Assignment on

Effects of Diseases on Drug Metabolism.

Sumitted by,

Md. Azamu Shahiullah Prottoy

ID - 11146018

Overall, there are a large number of factors that can influence drug metabolism, either by

increasing clearance to cause drug failure, or by preventing clearance to lead to toxicity. In the

real world, it is often impossible to delineate the different conflicting factors which result in net

changes in drug clearance which cause a drug to fall out of, or climb above, the therapeutic

window. It may only be possible clinically in many cases to try to change what appears to be the

major cause to bring about a resolution of the situation to restore curative and non-toxic drug

levels.

Non Hepatic

Drug metabolism in thyroid disease

Thyroid dysfunction can influence the physiological disposition of drugs. Depending on the

pharmacokinetic properties of the individual drug, changes in the rate of metabolism ranging

from profound to moderate or negligible have been observed. Since renal function is also

influenced by thyroid disease, changes in renal elimination of drugs which are excreted in the

urine mainly as unchanged drugs have to be considered as another reason for altered drugs

disposition in thyroid disease. In patients with thyrotoxicosis lower, and in patients with

myxoedema, higher, digitalis plasma levels have been observed. The altered disposition of

cardiac glycosides in thyroid dysfunction can be attributed to changes in renal elimination and

metabolism. These findings may be the kinetic correlate for the clinical observation that larger

than the usual dose of digitalis is required in thyrotoxic patients and lower in hypothyroid

patients. Antipyrene half-lives are very much shortened during hyperthyroidism and prolonged

appreciably during hypothyroidism. The alterations in the disposition of these drugs seen during

thyroid dysfunction can be ascribed to changes in its rate of metabolism which is controlled by

the levels of circulating thyroid hormones. N-demethylation of aminopyrine is depressed both in

hyper- and hypothyroid patients as compared with euthyroid subjects. Changes in the half-life of

this drug were observed only during hypothyroidism. The physiological disposition of the

antithyroid drug propylthiouracil is not changed during thyrotoxicosis. A decrease in plasma

half-life of methimazole is however, observed during hyperthyroidism, whereas in hypothyroid

patients half-life is increased. The few data available so far do not allow general prediction of

how thyroid disease could alter drug metabolism in man.

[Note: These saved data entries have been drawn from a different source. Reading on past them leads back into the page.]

lemma finite_bump_support: "finite {z. bump a z \<noteq> 0}"
proof (rule finite_subset)
  let ?I = "{- 4 * int a .. 4 * int a}" and ?V = "{- 2 * int a .. 2 * int a}"
  show "{z. bump a z \<noteq> 0} \<subseteq> {f. \<forall>k. (k \<in> ?I \<longrightarrow> f k \<in> ?V) \<and> (k \<notin> ?I \<longrightarrow> f k = 0)} \<times> ?V"
  proof
    fix z assume "z \<in> {z. bump a z \<noteq> 0}"
    moreover obtain f n where z: "z = (f, n)" by fastforce
    ultimately have "bump a (f, n) \<noteq> 0" by simp
    note bounds = bump_nonzero_bounds[OF this]
    have "f k \<in> ?V" for k using bounds(2)[of k] by (simp add: abs_less_iff)
    moreover have "f k = 0" if "k \<notin> ?I" for k using that bounds(3)[of k] by auto
    moreover have "n \<in> ?V" using bounds(1) by (simp add: abs_less_iff)
    ultimately show "z \<in> {f. \<forall>k. (k \<in> ?I \<longrightarrow> f k \<in> ?V) \<and> (k \<notin> ?I \<longrightarrow> f k = 0)} \<times> ?V"
      unfolding z by blast
  qed
  show "finite ({f. \<forall>k. (k \<in> ?I \<longrightarrow> f k \<in> ?V) \<and> (k \<notin> ?I \<longrightarrow> f k = 0)} \<times> ?V)"
    by (intro finite_cartesian_product finite_set_of_finite_funs) auto
qed

lemma bump_in_lp_space: "bump a \<in> lp_space p LL_carrier"
proof -
  have "finite {z. \<bar>bump a z\<bar> powr p \<noteq> 0}"
    using finite_bump_support by (rule finite_subset[rotated]) auto
  then show ?thesis
    unfolding lp_space_def by (simp add: summable_on_finite_support)
qed

lemma bump_one_pos: "a \<ge> 1 \<Longrightarrow> bump a LL_one > 0"
  by (simp add: bump_def LL_one_def lamp_weight_def tent_def prod_pos)

lemma LL_word_le_of_bump_nonzero:
  assumes a: "a \<ge> 1" and "bump a z \<noteq> 0"
  shows "LL_word_le z (40 * a\<^sup>2)"
proof -
  obtain f n where z: "z = (f, n)" by fastforce
  note bounds = bump_nonzero_bounds[OF assms(2)[unfolded z]]
  have word: "LL_word_le (f, n) (3 * (4 * a) + 1 + (2 * (4 * a) + 1) * (2 * a + 1))"
  proof (rule LL_word_le_bounded)
    show "\<bar>f k\<bar> \<le> int (2 * a)" for k using bounds(2)[of k] by simp
    show "f k = 0" if "\<bar>k\<bar> > int (4 * a)" for k using bounds(3) that by simp
    show "\<bar>n\<bar> \<le> int (4 * a)" using bounds(1) by simp
  qed
  have "3 * (4 * a) + 1 + (2 * (4 * a) + 1) * (2 * a + 1) = 16 * (a * a) + 22 * a + 2"
    by (simp add: algebra_simps)
  also have "\<dots> \<le> 40 * a\<^sup>2"
    using a le_square[of a] unfolding power2_eq_square by linarith
  finally show ?thesis unfolding z by (rule LL_word_le_mono[OF word])
qed

section \<open>The profile bound\<close>

lemma infsum_le_translates:
  fixes G H :: "LL \<Rightarrow> real"
  assumes J: "finite J" and t: "\<And>j. j \<in> J \<Longrightarrow> t j \<in> LL_carrier"
    and H: "H summable_on LL_carrier" and G: "G summable_on LL_carrier"
    and HG: "\<And>z. H z \<le> (\<Sum>j\<in>J. G (LL_mult (t j) z)) / c"
  shows "infsum H LL_carrier \<le> real (card J) / c * infsum G LL_carrier"
proof -
  have G_t: "((\<lambda>z. G (LL_mult (t j) z) / c) has_sum (infsum G LL_carrier / c)) LL_carrier"
    if "j \<in> J" for j
  proof (rule has_sum_divide_const)
    have "(\<lambda>z. G (LL_mult (t j) z)) summable_on LL_carrier"
      using summable_on_reindex_bij_betw[OF bij_betw_LL_mult_left[OF t[OF that]], of G] G by simp
    then show "((\<lambda>z. G (LL_mult (t j) z)) has_sum infsum G LL_carrier) LL_carrier"
      using infsum_LL_mult_left[OF t[OF that], of G] by (metis has_sum_infsum)
  qed
  have "infsum H LL_carrier \<le> infsum (\<lambda>z. \<Sum>j\<in>J. G (LL_mult (t j) z) / c) LL_carrier"
    using HG G_t
    by (intro infsum_mono H summable_on_finite_sum[OF J])
      (auto simp: sum_divide_distrib intro: has_sum_imp_summable)
  also have "\<dots> = (\<Sum>j\<in>J. infsum G LL_carrier / c)"
    using G_t by (simp add: infsum_finite_sum[OF J] has_sum_iff)
  finally show ?thesis by simp
qed
lemma l2norm_poly_filter:
  assumes "unit_moments m n (poly_filter m p)" and "degree p < n"
  shows "complex_of_real ((l2norm (poly_filter m p))\<^sup>2) = cnj (poly p 0)"
proof -
  let ?\<psi> = "poly_filter m p"
  have "(l2norm ?\<psi>)\<^sup>2 = (\<Sum>\<tau>\<le>m. (cmod (?\<psi> (int \<tau>)))\<^sup>2)"
    by (simp add: l2norm_Cplus[OF poly_filter_Cplus] L2_set_def sum_nonneg)
  then have "complex_of_real ((l2norm ?\<psi>)\<^sup>2) = (\<Sum>\<tau>\<le>m. ?\<psi> (int \<tau>) * cnj (?\<psi> (int \<tau>)))"
    by (simp only: of_real_sum complex_norm_square)
  also have "\<dots> = cnj (poly p 0)"
    using assms by (rule inner_poly_filter)
  finally show ?thesis .
qed

lemma l2norm_poly_filter_le:
  assumes "unit_moments m n (poly_filter m p)" and "degree p < n"
    and "\<phi> \<in> Cplus m" and "unit_moments m n \<phi>"
  shows "l2norm (poly_filter m p) \<le> l2norm \<phi>"
proof -
  let ?\<psi> = "poly_filter m p"
  have "(l2norm ?\<psi>)\<^sup>2 = cmod (complex_of_real ((l2norm ?\<psi>)\<^sup>2))"
    by (simp add: norm_power)
  also have "\<dots> = cmod (\<Sum>\<tau>\<le>m. \<phi> (int \<tau>) * cnj (?\<psi> (int \<tau>)))"
    \<comment> \<open>\<open>\<langle>\<phi>, \<psi>\<rangle> = \<parallel>\<psi>\<parallel>\<^sup>2\<close>: \<open>\<psi>\<close> is the orthogonal projection of \<open>\<phi>\<close>
      onto the polynomial filters\<close>
    by (simp only: l2norm_poly_filter[OF assms(1,2)] inner_poly_filter[OF assms(4,2)])
  also have "\<dots> \<le> (\<Sum>\<tau>\<le>m. cmod (\<phi> (int \<tau>)) * cmod (?\<psi> (int \<tau>)))"
    by (rule order.trans[OF norm_sum]) (simp add: norm_mult)
  also have "\<dots> \<le> l2norm \<phi> * l2norm ?\<psi>"
    using L2_set_mult_ineq[of "\<lambda>\<tau>. cmod (\<phi> (int \<tau>))" "\<lambda>\<tau>. cmod (?\<psi> (int \<tau>))" "{..m}"]
    by (simp add: l2norm_Cplus[OF poly_filter_Cplus] l2norm_Cplus[OF assms(3)])
  finally have le: "l2norm ?\<psi> * l2norm ?\<psi> \<le> l2norm \<phi> * l2norm ?\<psi>"
    by (simp add: power2_eq_square)
  show ?thesis
  proof (cases "l2norm ?\<psi> = 0")
    case False
    then have "l2norm ?\<psi> > 0"
      using l2norm_nonneg[of ?\<psi>] by simp
    with le show ?thesis
      by (rule mult_right_le_imp_le)
  qed (simp add: l2norm_nonneg)
qed

lemma power_Suc_increment_bounds:
  fixes x :: real
  assumes "x \<ge> 0"
  shows "real (Suc k) * x ^ k \<le> (x + 1) ^ Suc k - x ^ Suc k"
    and "(x + 1) ^ Suc k - x ^ Suc k \<le> real (Suc k) * (x + 1) ^ k"
proof -
  have diff: "(x + 1) ^ Suc k - x ^ Suc k = (\<Sum>i<Suc k. x ^ (k - i) * (x + 1) ^ i)"
    using power_diff_sumr2[of "x + 1" "Suc k" x] by simp
  have "x ^ k = x ^ (k - i) * x ^ i" if "i < Suc k" for i
    using that by (simp flip: power_add)
  then have "x ^ k \<le> x ^ (k - i) * (x + 1) ^ i" if "i < Suc k" for i
    using that assms by (simp add: mult_left_mono power_mono)
  then have "(\<Sum>i<Suc k. x ^ k) \<le> (\<Sum>i<Suc k. x ^ (k - i) * (x + 1) ^ i)"
    by (intro sum_mono) simp
  then show "real (Suc k) * x ^ k \<le> (x + 1) ^ Suc k - x ^ Suc k"
    unfolding diff by (simp del: sum.lessThan_Suc)
  have "(x + 1) ^ k = (x + 1) ^ (k - i) * (x + 1) ^ i" if "i < Suc k" for i
    using that by (simp flip: power_add)
  then have "x ^ (k - i) * (x + 1) ^ i \<le> (x + 1) ^ k" if "i < Suc k" for i
    using that assms by (simp add: mult_right_mono power_mono)
  then have "(\<Sum>i<Suc k. x ^ (k - i) * (x + 1) ^ i) \<le> (\<Sum>i<Suc k. (x + 1) ^ k)"
    by (intro sum_mono) simp
  then show "(x + 1) ^ Suc k - x ^ Suc k \<le> real (Suc k) * (x + 1) ^ k"
    unfolding diff by (simp del: sum.lessThan_Suc)
qed

lemma sum_powers_lower_bound: "real m ^ Suc k \<le> real (Suc k) * (\<Sum>t\<le>m. real t ^ k)"
proof (induction m)
  case (Suc m)
  have "real (Suc m) ^ Suc k \<le> real m ^ Suc k + real (Suc k) * real (Suc m) ^ k"
    using power_Suc_increment_bounds(2)[of "real m" k] by (simp add: add.commute)
  with Suc show ?case
    by (simp add: distrib_left)
qed simp

lemma sum_powers_upper_bound: "real (Suc k) * (\<Sum>t\<le>m. real t ^ k) \<le> real (Suc m) ^ Suc k"
proof (induction m)
  case 0
  then show ?case by (cases k) simp_all
next
  case (Suc m)
  have "real (Suc k) * real (Suc m) ^ k \<le> real (Suc (Suc m)) ^ Suc k - real (Suc m) ^ Suc k"
    using power_Suc_increment_bounds(1)[of "real (Suc m)" k] by (simp add: add.commute)
  with Suc show ?case
    by (simp add: distrib_left)
qed

definition riemann_moment :: "nat \<Rightarrow> nat \<Rightarrow> real" where
  "riemann_moment m k = (\<Sum>t\<le>m. (real t / real m) ^ k) / real m"

lemma riemann_moment_eq: "riemann_moment m k = (\<Sum>t\<le>m. real t ^ k) / real m ^ Suc k"
  by (simp add: riemann_moment_def power_divide flip: sum_divide_distrib)

lemma riemann_moment_tendsto: "(\<lambda>m. riemann_moment m k) \<longlonglongrightarrow> 1 / real (Suc k)"
proof (rule tendsto_sandwich)
  show "\<forall>\<^sub>F m in sequentially. 1 / real (Suc k) \<le> riemann_moment m k"
    using eventually_gt_at_top[of 0]
  proof eventually_elim
    case (elim m)
    then show ?case
      using sum_powers_lower_bound[of m k]
      by (simp add: riemann_moment_eq field_simps)
  qed
  show "\<forall>\<^sub>F m in sequentially. riemann_moment m k \<le> (1 + 1 / real m) ^ Suc k / real (Suc k)"
    using eventually_gt_at_top[of 0]
  proof eventually_elim
    case (elim m)
    have "(\<Sum>t\<le>m. real t ^ k) \<le> real (Suc m) ^ Suc k / real (Suc k)"
      using sum_powers_upper_bound[of k m] by (simp add: pos_le_divide_eq mult.commute)
    then have "riemann_moment m k \<le> real (Suc m) ^ Suc k / real (Suc k) / real m ^ Suc k"
      unfolding riemann_moment_eq by (rule divide_right_mono) simp
    also have "\<dots> = (real (Suc m) / real m) ^ Suc k / real (Suc k)"
      by (simp add: power_divide)
    also have "real (Suc m) / real m = 1 + 1 / real m"
      using elim by (simp add: field_simps)
    finally show ?case .
  qed
  have "(\<lambda>m. (1 + 1 / real m) ^ Suc k / real (Suc k)) \<longlonglongrightarrow> (1 + 0) ^ Suc k / real (Suc k)"
    by (intro tendsto_intros lim_inverse_n') auto
  then show "(\<lambda>m. (1 + 1 / real m) ^ Suc k / real (Suc k)) \<longlonglongrightarrow> 1 / real (Suc k)"
    by simp
qed simp

definition lagrange_basis :: "(nat \<Rightarrow> 'a::field) \<Rightarrow> nat \<Rightarrow> nat \<Rightarrow> 'a poly" where
  "lagrange_basis a n j = (\<Prod>l\<in>{..<n} - {j}. Polynomial.smult (1 / (a j - a l)) [:- a l, 1:])"

lemma poly_lagrange_basis:
  "poly (lagrange_basis a n j) x = (\<Prod>l\<in>{..<n} - {j}. (x - a l) / (a j - a l))"
  unfolding lagrange_basis_def poly_prod by (intro prod.cong refl) (simp add: diff_divide_distrib)

lemma degree_lagrange_basis:
  assumes "j < n"
  shows "degree (lagrange_basis a n j) \<le> n - 1"
proof -
  have "degree (lagrange_basis a n j) \<le>
      sum (degree \<circ> (\<lambda>l. Polynomial.smult (1 / (a j - a l)) [:- a l, 1:])) ({..<n} - {j})"
    unfolding lagrange_basis_def by (rule degree_prod_sum_le) simp
  also have "\<dots> \<le> (\<Sum>l\<in>{..<n} - {j}. 1)"
    by (intro sum_mono) simp
  also have "\<dots> = n - 1"
    using assms by simp
  finally show ?thesis .
qed

lemma poly_lagrange_basis_node:
  assumes "inj_on a {..<n}" and "j < n" and "k < n"
  shows "poly (lagrange_basis a n j) (a k) = of_bool (k = j)"
proof (cases "k = j")
  case True
  have "a j \<noteq> a l" if "l \<in> {..<n} - {j}" for l
    using assms(1,2) that by (auto dest: inj_onD)
  with True show ?thesis
    by (auto simp: poly_lagrange_basis intro!: prod.neutral)
next
  case False
  then show ?thesis
    using assms by (auto simp: poly_lagrange_basis intro!: prod_zero bexI[of _ k])
qed

definition lagrange_poly :: "(nat \<Rightarrow> 'a::field) \<Rightarrow> (nat \<Rightarrow> 'a) \<Rightarrow> nat \<Rightarrow> 'a poly" where
  "lagrange_poly a v n = (\<Sum>j<n. Polynomial.smult (v j) (lagrange_basis a n j))"

lemma poly_lagrange_poly:
  "poly (lagrange_poly a v n) x = (\<Sum>j<n. v j * poly (lagrange_basis a n j) x)"
  by (simp add: lagrange_poly_def poly_sum)

lemma degree_lagrange_poly:
  assumes "n > 0"
  shows "degree (lagrange_poly a v n) < n"
proof -
  have "degree (lagrange_poly a v n) \<le> n - 1"
    unfolding lagrange_poly_def
    by (intro degree_sum_le order.trans[OF degree_smult_le] degree_lagrange_basis) auto
  with assms show ?thesis by linarith
qed

lemma poly_lagrange_poly_node:
  assumes "inj_on a {..<n}" and "k < n"
  shows "poly (lagrange_poly a v n) (a k) = v k"
proof -
  have "poly (lagrange_poly a v n) (a k) = (\<Sum>j<n. if j = k then v j else 0)"
    unfolding poly_lagrange_poly
    by (intro sum.cong refl) (use assms in \<open>auto simp: poly_lagrange_basis_node\<close>)
  also have "\<dots> = v k"
    using assms(2) by simp
  finally show ?thesis .
qed

lemma lagrange_poly_eq:
  fixes p :: "'a::field poly"
  assumes "inj_on a {..<n}" and "degree p < n"
  shows "lagrange_poly a (\<lambda>j. poly p (a j)) n = p"
proof (rule poly_eqI_degree)
  show "poly (lagrange_poly a (\<lambda>j. poly p (a j)) n) x = poly p x" if "x \<in> a ` {..<n}" for x
    using that assms(1) by (auto simp: poly_lagrange_poly_node)
  show "degree (lagrange_poly a (\<lambda>j. poly p (a j)) n) < card (a ` {..<n})"
    using assms by (simp add: card_image degree_lagrange_poly)
  show "degree p < card (a ` {..<n})"
    using assms by (simp add: card_image)
qed

lemma partial_fractions_shifted:
  fixes F :: "real poly"
  assumes "degree F < n" and "\<And>l. l < n \<Longrightarrow> y + real l + 1 \<noteq> 0"
  shows "poly F y = (\<Prod>l<n. y + real l + 1) *
    (\<Sum>j<n. poly F (- real j - 1) / (\<Prod>l\<in>{..<n} - {j}. real l - real j) / (y + real j + 1))"
proof -
  define a where "a l = - real l - 1" for l
  have "inj_on a {..<n}"
    by (auto simp: a_def inj_on_def)
  then have "poly F y = (\<Sum>j<n. poly F (a j) * poly (lagrange_basis a n j) y)"
    using lagrange_poly_eq[of a n F] assms(1) by (metis poly_lagrange_poly)
  also have "\<dots> = (\<Sum>j<n. (\<Prod>l<n. y + real l + 1) *
      (poly F (- real j - 1) / (\<Prod>l\<in>{..<n} - {j}. real l - real j) / (y + real j + 1)))"
    (is "_ = (\<Sum>j<n. _ * (_ / ?Q j / _))")
  proof (intro sum.cong refl)
    fix j assume "j \<in> {..<n}"
    define P where "P = (\<Prod>l\<in>{..<n} - {j}. y + real l + 1)"
    have D: "(\<Prod>l<n. y + real l + 1) = (y + real j + 1) * P"
      using \<open>j \<in> {..<n}\<close> by (simp add: P_def prod.remove)
    have B: "poly (lagrange_basis a n j) y = P / ?Q j"
      unfolding poly_lagrange_basis P_def prod_dividef[symmetric]
      by (intro prod.cong refl) (simp add: a_def algebra_simps)
    have "y + real j + 1 \<noteq> 0"
      using assms(2) \<open>j \<in> {..<n}\<close> by simp
    then show "poly F (a j) * poly (lagrange_basis a n j) y = (\<Prod>l<n. y + real l + 1) *
        (poly F (- real j - 1) / ?Q j / (y + real j + 1))"
      unfolding D B by (simp add: a_def)
  qed
  finally show ?thesis
    by (simp add: sum_distrib_left)
qed
theorem theorem6:
  fixes N K T \<tau> L q :: nat and R \<delta> :: real
    and vstar :: "nat \<Rightarrow> real"
    and S :: "nat \<Rightarrow> nat set" and I :: "nat \<Rightarrow> nat"
  assumes N_pos: "N \<ge> 1"
    and tau_mult: "N dvd \<tau>" and tau_pos: "\<tau> > 0" and tau_le: "\<tau> \<le> T"
    and delta: "0 < \<delta>" "\<delta> < 1"
    and q_def: "q = nat \<lfloor>(real L - real N) / (real K + 1)\<rfloor>" and q_pos: "q \<ge> 1"
    and R_pos: "R > 0"
    and vstar_range: "\<forall>i\<in>{1..N}. vstar i \<in> {1/R..R}"
    \<comment> \<open>warm start\<close>
    and warm: "\<forall>i\<in>{1..N}. \<forall>t\<in>{(i - 1) * (\<tau> div N) + 1 .. i * (\<tau> div N)}. S t = {i}"
    \<comment> \<open>later assortments: arbitrary subsets of the products\<close>
    and assort: "\<forall>t\<in>{1..T}. S t \<subseteq> {1..N}"
    and choice: "\<forall>t\<in>{1..T}. I t \<in> S t \<union> {0}"
    \<comment> \<open>the event A\<close>
    and event_A: "\<forall>i\<in>{1..N}. \<forall>l\<in>{1..q}.
        \<bar>nll_partial S I (epoch_end T \<tau> q (l - 1)) i (\<lambda>j. ln (vstar j))\<bar>
          \<le> sqrt (2 * real (offer_count S (epoch_end T \<tau> q (l - 1)) i)
                  * (1 + 2 * ln (2 * sqrt (real T) * real q * real N / \<delta>)))"
  shows "\<forall>l\<in>{1..q}. \<forall>\<theta>hat.
           (\<theta>hat \<in> param_box N R \<and>
            (\<forall>\<theta>\<in>param_box N R. mnl_nll S I (epoch_end T \<tau> q (l - 1)) \<theta>hat
                                  \<le> mnl_nll S I (epoch_end T \<tau> q (l - 1)) \<theta>))
           \<longrightarrow>
           ((\<Sum>i=1..N. (sqrt (real (offer_count S (epoch_end T \<tau> q (l - 1)) i))
                        * \<bar>ln (exp (\<theta>hat i) / vstar i)\<bar> - Psi N K T q R \<delta>)^2)
               \<le> real N * (Psi N K T q R \<delta>)^2
            \<and> (\<forall>i\<in>{1..N}. \<bar>ln (exp (\<theta>hat i) / vstar i)\<bar>
                 \<le> eps_conf N (Psi N K T q R \<delta>) (offer_count S (epoch_end T \<tau> q (l - 1)) i)))"
proof (intro ballI allI impI)
  fix l \<theta>hat
  let ?n = "epoch_end T \<tau> q (l - 1)"
  let ?P = "Psi N K T q R \<delta>"
  let ?\<theta>star = "\<lambda>j. ln (vstar j)"
  assume l: "l \<in> {1..q}" and mle: "\<theta>hat \<in> param_box N R \<and>
    (\<forall>\<theta>\<in>param_box N R. mnl_nll S I ?n \<theta>hat \<le> mnl_nll S I ?n \<theta>)"
  have "\<tau> \<le> ?n" "?n \<le> T"
    using l tau_le epoch_end_le[of "l - 1" q \<tau> T] by (auto simp: epoch_end_def)
  have vstar_pos: "0 < vstar i" if "i \<in> {1..N}" for i
    using vstar_range that R_pos by (auto intro: less_le_trans[of 0 "1/R"])
  then have "?\<theta>star \<in> param_box N R"
    using vstar_range by (simp add: param_box_def)
  have "\<bar>nll_partial S I ?n i ?\<theta>star\<bar>
          \<le> sqrt (real (offer_count S ?n i)) * (2 * ?P / (R * (1 + real N * R)\<^sup>2))"
    if "i \<in> {1..N}" for i
    by (rule order_trans[OF _ event_radius_le_Psi])
       (use event_A that l tau_pos tau_le q_pos N_pos delta R_pos in auto)
  then have sq_bound: "(\<Sum>i=1..N. (sqrt (real (offer_count S ?n i)) * \<bar>\<theta>hat i - ?\<theta>star i\<bar> - ?P)\<^sup>2)
                         \<le> real N * ?P\<^sup>2"
    using mle assort choice \<open>?n \<le> T\<close>
    by (intro mle_error_bound[OF R_pos \<open>?\<theta>star \<in> param_box N R\<close>]) auto
  have "0 \<le> ?P"
    using tau_pos tau_le q_pos N_pos delta R_pos by (intro Psi_nonneg) auto
  have "ln (exp (\<theta>hat i) / vstar i) = \<theta>hat i - ?\<theta>star i" if "i \<in> {1..N}" for i
    using vstar_pos[OF that] by (simp add: ln_div)
  then show "(\<Sum>i=1..N. (sqrt (real (offer_count S ?n i)) * \<bar>ln (exp (\<theta>hat i) / vstar i)\<bar> - ?P)\<^sup>2)
               \<le> real N * ?P\<^sup>2
             \<and> (\<forall>i\<in>{1..N}. \<bar>ln (exp (\<theta>hat i) / vstar i)\<bar> \<le> eps_conf N ?P (offer_count S ?n i))"
    using sq_bound abs_le_eps_conf[OF sq_bound \<open>0 \<le> ?P\<close>]
      offer_count_pos_of_warm_start[OF tau_mult tau_pos \<open>\<tau> \<le> ?n\<close>] warm
    by simp
qed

Thyroid hormone regulates the metabolism of drugs by the hepatic cytochrome p450 enzyme.

Examples of drugs with a metabolism that decreases in hypothyroidism are antiseizure

medications, digoxin and narcotics. In addition, the effect of warfarin therapy may change

because of alteration of the turnover of serum clotting factors. Thus the dose requirements of

these medications may change as a result of T4 treatment.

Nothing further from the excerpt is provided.